(Extracted information begins)

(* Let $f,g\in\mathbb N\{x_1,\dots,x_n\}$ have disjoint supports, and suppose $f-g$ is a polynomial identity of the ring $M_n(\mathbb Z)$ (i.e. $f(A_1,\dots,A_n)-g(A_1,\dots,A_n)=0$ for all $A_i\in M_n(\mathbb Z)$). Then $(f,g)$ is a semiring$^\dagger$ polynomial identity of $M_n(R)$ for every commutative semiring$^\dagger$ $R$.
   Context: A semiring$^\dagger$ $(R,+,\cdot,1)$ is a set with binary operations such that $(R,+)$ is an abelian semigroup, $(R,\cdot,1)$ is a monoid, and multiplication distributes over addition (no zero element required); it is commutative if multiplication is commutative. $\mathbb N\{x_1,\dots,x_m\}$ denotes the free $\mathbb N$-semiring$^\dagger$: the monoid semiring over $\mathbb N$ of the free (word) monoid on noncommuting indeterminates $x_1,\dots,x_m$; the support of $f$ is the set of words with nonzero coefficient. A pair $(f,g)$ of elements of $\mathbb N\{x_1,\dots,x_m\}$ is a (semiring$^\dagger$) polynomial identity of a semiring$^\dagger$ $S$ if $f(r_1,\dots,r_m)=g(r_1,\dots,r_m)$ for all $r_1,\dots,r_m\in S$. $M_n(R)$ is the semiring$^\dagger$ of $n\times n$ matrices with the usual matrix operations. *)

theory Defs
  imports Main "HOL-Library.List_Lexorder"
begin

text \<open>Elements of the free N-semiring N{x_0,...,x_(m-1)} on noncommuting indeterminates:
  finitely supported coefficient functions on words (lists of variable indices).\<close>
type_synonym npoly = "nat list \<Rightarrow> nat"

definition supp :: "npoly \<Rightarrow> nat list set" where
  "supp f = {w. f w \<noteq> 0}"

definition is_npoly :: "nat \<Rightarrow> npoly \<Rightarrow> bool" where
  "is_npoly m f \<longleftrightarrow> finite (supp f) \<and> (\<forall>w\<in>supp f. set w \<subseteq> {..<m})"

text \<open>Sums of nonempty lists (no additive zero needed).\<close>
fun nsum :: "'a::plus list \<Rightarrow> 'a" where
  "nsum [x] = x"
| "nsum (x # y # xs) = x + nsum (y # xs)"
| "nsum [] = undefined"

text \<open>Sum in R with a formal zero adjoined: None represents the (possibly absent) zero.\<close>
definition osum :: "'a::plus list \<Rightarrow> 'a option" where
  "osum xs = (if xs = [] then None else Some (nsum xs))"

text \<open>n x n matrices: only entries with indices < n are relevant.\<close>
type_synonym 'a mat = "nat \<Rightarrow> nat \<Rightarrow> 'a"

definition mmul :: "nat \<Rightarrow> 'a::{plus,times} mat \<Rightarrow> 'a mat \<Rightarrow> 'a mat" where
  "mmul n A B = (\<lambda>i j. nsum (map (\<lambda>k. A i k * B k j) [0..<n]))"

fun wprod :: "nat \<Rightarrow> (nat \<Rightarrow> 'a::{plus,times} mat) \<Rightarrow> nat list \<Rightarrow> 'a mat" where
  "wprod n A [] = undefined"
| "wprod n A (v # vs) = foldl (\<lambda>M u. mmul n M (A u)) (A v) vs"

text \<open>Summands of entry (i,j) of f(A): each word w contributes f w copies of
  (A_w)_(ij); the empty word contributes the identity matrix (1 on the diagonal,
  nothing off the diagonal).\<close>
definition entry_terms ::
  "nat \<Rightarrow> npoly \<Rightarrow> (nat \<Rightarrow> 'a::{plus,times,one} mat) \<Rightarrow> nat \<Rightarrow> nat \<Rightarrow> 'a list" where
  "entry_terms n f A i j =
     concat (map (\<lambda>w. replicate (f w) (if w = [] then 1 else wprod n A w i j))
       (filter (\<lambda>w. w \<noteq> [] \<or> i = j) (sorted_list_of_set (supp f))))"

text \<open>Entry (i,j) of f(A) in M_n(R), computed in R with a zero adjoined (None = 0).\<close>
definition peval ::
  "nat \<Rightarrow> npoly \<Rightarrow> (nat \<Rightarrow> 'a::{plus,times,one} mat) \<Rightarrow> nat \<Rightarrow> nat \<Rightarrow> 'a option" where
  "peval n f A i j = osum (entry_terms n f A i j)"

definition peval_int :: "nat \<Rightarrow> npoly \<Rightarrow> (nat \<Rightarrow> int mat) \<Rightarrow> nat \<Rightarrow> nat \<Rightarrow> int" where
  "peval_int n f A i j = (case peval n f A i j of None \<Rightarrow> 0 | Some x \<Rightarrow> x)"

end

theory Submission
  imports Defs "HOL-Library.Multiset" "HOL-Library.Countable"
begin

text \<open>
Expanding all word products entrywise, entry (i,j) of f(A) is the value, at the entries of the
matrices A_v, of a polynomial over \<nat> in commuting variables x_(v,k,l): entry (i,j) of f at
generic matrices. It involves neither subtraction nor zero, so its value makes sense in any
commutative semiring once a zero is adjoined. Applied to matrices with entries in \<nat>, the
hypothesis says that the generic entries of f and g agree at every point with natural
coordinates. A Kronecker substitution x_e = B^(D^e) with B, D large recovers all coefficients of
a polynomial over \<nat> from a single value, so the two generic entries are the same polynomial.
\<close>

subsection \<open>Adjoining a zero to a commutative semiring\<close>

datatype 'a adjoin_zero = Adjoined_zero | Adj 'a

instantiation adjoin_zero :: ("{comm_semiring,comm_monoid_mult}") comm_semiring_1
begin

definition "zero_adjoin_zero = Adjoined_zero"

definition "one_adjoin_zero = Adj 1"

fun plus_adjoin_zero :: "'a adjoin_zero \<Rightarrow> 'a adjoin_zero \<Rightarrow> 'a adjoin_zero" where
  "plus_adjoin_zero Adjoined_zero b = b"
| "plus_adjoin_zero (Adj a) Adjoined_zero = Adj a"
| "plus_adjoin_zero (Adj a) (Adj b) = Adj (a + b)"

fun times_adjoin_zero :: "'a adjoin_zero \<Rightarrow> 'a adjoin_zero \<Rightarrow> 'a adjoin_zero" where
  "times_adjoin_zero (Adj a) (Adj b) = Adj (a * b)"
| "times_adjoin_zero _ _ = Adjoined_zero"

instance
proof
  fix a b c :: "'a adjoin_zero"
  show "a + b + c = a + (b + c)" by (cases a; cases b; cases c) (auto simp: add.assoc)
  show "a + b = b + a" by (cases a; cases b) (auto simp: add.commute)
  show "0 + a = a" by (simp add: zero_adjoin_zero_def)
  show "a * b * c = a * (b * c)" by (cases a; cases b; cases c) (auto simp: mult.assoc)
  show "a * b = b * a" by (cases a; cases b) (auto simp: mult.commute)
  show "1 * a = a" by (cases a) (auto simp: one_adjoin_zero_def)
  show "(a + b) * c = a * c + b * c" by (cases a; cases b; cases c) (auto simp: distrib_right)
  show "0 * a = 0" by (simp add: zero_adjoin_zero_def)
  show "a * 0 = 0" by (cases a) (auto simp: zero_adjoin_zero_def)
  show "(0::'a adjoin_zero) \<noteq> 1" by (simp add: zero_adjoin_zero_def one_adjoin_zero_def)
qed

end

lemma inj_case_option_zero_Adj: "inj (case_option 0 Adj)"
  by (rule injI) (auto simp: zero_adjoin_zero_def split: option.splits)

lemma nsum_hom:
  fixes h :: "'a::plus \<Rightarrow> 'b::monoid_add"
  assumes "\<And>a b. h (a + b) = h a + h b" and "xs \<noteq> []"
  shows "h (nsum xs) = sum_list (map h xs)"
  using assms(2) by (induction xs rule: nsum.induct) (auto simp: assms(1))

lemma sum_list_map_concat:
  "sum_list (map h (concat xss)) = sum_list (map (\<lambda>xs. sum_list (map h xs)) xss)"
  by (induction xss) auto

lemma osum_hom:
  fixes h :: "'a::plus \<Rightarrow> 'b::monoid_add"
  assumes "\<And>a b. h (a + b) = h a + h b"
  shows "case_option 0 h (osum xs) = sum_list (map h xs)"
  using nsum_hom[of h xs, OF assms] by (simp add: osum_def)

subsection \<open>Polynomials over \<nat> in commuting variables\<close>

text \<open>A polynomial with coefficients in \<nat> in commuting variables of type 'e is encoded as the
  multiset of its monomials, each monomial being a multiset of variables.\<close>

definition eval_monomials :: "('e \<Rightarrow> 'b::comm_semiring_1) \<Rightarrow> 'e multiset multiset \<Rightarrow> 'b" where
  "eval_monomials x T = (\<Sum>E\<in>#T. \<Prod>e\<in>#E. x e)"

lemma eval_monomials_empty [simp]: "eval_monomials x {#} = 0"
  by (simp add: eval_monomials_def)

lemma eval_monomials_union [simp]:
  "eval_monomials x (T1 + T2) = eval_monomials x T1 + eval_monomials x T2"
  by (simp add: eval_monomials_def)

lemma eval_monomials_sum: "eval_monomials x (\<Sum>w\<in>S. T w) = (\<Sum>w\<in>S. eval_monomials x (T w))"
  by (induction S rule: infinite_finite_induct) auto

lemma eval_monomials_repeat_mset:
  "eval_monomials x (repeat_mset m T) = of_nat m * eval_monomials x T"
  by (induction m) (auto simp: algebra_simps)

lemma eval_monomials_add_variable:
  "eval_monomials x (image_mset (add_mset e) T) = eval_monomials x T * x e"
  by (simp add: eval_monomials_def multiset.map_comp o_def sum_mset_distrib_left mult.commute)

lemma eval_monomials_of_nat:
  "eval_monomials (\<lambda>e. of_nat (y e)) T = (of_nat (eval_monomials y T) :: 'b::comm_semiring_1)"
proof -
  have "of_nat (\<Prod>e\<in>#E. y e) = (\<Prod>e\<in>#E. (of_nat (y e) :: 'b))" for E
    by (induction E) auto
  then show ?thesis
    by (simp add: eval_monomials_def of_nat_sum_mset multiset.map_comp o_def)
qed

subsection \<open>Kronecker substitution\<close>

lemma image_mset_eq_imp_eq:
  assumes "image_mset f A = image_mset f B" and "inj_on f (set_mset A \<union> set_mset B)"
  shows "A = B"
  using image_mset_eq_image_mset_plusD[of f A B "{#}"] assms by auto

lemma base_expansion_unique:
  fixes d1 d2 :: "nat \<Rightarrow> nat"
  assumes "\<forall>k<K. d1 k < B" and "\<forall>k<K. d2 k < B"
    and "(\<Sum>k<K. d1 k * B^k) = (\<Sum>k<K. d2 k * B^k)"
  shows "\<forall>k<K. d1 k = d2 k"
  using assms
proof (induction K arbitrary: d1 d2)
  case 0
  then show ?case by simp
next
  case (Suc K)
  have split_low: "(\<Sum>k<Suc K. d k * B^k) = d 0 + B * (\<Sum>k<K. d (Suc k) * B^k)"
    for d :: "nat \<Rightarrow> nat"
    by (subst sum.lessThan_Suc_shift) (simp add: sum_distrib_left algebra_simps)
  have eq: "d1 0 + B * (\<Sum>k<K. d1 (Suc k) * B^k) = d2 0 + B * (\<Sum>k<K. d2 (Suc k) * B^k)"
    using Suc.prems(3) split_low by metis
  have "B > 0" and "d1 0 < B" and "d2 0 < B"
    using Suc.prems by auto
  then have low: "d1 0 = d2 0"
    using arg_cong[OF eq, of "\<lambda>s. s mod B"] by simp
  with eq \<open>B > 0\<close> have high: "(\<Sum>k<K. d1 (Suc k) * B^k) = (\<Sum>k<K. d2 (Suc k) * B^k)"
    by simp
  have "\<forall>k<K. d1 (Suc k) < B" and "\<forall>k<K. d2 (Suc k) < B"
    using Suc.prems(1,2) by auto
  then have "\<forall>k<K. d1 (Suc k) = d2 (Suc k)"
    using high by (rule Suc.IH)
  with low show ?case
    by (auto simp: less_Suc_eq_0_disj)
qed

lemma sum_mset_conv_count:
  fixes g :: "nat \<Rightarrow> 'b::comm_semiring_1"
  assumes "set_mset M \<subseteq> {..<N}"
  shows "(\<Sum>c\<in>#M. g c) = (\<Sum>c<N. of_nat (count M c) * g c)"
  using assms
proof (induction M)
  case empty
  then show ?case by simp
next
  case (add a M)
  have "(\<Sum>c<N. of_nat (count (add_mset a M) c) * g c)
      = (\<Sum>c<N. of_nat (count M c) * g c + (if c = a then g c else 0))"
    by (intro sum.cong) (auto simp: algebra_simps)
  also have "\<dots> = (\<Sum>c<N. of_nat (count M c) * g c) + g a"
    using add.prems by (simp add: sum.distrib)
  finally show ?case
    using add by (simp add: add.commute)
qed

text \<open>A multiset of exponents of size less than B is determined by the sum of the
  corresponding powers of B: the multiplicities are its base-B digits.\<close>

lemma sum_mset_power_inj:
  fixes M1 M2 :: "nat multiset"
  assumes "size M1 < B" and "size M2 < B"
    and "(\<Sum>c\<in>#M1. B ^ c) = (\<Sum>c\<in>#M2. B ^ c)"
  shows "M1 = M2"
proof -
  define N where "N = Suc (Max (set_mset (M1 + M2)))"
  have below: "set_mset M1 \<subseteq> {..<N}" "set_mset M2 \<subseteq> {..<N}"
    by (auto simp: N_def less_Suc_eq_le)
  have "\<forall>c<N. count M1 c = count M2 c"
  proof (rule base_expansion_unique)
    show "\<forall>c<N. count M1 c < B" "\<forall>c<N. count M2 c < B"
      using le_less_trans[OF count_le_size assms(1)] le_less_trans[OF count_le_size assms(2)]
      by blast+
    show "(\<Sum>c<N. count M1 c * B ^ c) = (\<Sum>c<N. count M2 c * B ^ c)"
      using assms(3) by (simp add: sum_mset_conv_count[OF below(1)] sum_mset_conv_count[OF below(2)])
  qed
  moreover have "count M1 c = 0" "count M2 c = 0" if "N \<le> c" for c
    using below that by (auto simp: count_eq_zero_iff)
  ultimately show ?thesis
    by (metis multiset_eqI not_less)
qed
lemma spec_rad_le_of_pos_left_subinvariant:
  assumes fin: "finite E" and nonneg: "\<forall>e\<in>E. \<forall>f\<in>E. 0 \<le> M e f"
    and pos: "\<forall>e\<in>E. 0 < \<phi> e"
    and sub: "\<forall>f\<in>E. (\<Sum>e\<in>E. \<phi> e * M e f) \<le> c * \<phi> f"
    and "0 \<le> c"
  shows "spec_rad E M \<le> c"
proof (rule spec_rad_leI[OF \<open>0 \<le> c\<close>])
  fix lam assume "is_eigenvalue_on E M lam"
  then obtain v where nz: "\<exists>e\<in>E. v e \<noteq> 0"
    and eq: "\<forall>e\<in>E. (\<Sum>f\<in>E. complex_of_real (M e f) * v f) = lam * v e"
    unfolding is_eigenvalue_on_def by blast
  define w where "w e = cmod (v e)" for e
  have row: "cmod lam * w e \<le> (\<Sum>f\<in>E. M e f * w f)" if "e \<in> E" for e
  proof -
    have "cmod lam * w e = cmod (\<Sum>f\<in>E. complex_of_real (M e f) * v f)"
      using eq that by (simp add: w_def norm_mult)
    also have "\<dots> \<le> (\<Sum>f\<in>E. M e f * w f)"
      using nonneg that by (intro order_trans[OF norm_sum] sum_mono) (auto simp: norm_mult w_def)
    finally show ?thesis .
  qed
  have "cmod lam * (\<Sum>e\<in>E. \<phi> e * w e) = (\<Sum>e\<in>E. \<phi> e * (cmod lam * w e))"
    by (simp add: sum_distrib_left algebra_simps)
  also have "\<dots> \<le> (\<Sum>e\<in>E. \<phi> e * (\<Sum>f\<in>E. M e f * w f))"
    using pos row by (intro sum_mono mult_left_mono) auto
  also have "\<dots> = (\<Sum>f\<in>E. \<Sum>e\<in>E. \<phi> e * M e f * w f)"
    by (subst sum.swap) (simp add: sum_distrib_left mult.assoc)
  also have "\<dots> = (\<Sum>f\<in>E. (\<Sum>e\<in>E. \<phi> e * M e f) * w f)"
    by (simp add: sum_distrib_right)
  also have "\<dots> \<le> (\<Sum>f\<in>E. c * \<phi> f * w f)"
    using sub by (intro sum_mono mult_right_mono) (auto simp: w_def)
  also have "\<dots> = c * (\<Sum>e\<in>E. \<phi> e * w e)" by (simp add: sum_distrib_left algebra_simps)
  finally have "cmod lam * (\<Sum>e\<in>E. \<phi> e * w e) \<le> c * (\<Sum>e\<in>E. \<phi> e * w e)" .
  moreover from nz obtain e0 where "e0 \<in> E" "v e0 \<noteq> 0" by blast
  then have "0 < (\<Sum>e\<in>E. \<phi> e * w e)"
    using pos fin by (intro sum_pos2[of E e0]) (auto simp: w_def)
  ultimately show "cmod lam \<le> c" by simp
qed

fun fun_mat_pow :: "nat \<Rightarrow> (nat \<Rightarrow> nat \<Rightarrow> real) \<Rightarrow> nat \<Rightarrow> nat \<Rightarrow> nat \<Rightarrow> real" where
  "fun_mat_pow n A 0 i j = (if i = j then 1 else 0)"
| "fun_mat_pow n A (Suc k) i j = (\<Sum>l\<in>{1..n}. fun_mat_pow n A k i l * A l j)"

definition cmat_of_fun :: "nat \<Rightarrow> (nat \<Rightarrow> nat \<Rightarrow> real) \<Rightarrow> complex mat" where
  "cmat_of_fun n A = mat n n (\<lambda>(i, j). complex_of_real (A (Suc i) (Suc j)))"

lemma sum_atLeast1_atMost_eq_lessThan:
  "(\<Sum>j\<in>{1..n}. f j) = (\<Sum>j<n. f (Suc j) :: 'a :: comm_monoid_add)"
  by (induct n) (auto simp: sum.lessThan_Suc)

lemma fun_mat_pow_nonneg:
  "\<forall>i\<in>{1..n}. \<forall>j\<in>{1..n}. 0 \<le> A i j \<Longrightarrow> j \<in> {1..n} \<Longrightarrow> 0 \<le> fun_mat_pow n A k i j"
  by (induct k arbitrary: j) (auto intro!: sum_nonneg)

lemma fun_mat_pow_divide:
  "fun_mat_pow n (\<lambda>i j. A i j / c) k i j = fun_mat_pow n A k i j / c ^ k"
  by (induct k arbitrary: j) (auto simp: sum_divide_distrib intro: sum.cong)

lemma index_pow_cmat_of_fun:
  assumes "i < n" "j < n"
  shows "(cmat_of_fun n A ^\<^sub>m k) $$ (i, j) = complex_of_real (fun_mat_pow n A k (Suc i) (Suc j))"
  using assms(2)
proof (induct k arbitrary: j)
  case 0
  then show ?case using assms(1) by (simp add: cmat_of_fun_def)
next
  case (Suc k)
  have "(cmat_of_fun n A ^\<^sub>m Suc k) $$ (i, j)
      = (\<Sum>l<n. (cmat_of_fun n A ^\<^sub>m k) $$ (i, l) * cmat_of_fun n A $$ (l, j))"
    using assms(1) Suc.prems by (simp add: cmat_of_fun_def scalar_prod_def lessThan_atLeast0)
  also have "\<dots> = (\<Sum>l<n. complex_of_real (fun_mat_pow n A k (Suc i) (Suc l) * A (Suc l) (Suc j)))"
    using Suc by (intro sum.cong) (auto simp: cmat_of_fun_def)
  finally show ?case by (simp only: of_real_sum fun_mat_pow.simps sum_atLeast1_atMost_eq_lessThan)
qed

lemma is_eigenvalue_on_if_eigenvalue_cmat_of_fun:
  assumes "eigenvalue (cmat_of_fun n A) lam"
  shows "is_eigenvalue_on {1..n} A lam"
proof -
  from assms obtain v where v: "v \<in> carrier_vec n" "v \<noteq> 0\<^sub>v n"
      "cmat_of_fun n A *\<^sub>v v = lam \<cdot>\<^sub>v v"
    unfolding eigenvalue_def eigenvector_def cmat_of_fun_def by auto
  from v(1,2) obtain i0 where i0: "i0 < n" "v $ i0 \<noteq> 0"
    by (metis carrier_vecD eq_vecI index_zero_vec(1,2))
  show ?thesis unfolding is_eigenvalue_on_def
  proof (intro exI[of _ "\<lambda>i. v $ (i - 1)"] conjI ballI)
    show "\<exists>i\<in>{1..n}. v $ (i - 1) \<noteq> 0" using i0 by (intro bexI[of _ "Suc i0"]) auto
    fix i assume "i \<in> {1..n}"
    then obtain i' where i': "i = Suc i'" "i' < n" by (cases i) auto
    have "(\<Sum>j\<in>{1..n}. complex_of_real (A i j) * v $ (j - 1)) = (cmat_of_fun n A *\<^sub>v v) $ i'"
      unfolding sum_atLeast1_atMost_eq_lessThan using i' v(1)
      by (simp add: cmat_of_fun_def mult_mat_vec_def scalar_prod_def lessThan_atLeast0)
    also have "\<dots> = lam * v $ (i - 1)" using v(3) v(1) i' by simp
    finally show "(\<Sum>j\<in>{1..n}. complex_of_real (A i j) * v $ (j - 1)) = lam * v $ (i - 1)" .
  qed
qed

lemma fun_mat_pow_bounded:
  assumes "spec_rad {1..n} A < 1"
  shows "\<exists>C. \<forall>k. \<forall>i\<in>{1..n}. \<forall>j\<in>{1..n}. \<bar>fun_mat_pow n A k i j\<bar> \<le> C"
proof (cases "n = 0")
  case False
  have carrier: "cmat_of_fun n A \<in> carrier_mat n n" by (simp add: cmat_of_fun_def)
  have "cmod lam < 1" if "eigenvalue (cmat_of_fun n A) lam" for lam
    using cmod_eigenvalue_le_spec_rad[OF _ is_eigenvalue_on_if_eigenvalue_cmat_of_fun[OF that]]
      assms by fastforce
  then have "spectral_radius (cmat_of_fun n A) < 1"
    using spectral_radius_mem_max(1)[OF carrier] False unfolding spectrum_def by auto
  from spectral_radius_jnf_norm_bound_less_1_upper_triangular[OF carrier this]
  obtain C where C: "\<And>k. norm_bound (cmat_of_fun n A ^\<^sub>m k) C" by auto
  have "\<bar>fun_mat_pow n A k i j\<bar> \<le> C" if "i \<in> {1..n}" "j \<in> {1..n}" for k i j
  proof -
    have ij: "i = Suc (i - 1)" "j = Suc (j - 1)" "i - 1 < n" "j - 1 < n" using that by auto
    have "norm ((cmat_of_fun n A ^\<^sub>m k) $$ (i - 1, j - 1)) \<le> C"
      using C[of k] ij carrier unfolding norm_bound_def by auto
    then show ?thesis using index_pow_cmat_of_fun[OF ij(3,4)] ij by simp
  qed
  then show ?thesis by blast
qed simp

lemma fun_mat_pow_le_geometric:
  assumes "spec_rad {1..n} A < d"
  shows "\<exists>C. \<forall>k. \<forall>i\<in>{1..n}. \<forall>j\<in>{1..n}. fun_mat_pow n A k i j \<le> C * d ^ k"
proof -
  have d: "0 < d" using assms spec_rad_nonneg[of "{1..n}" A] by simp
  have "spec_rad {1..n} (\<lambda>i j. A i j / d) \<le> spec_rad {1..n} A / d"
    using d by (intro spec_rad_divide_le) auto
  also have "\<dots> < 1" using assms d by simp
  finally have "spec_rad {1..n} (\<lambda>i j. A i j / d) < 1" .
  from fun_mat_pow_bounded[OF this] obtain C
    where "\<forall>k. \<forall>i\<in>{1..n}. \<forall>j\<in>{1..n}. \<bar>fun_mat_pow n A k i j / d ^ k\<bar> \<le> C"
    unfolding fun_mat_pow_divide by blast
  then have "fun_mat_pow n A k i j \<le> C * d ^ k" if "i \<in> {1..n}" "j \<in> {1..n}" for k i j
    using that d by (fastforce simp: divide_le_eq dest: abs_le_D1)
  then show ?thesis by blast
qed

(Extracted information ends)

- [Exercise objective] Every line of the entries that includes "coefficients" must be copied into the answer.

- [Result for this task]
coordinates. A Kronecker substitution x_e = B^(D^e) with B, D large recovers all coefficients of
text \<open>A polynomial with coefficients in \<nat> in commuting variables of type 'e is encoded as the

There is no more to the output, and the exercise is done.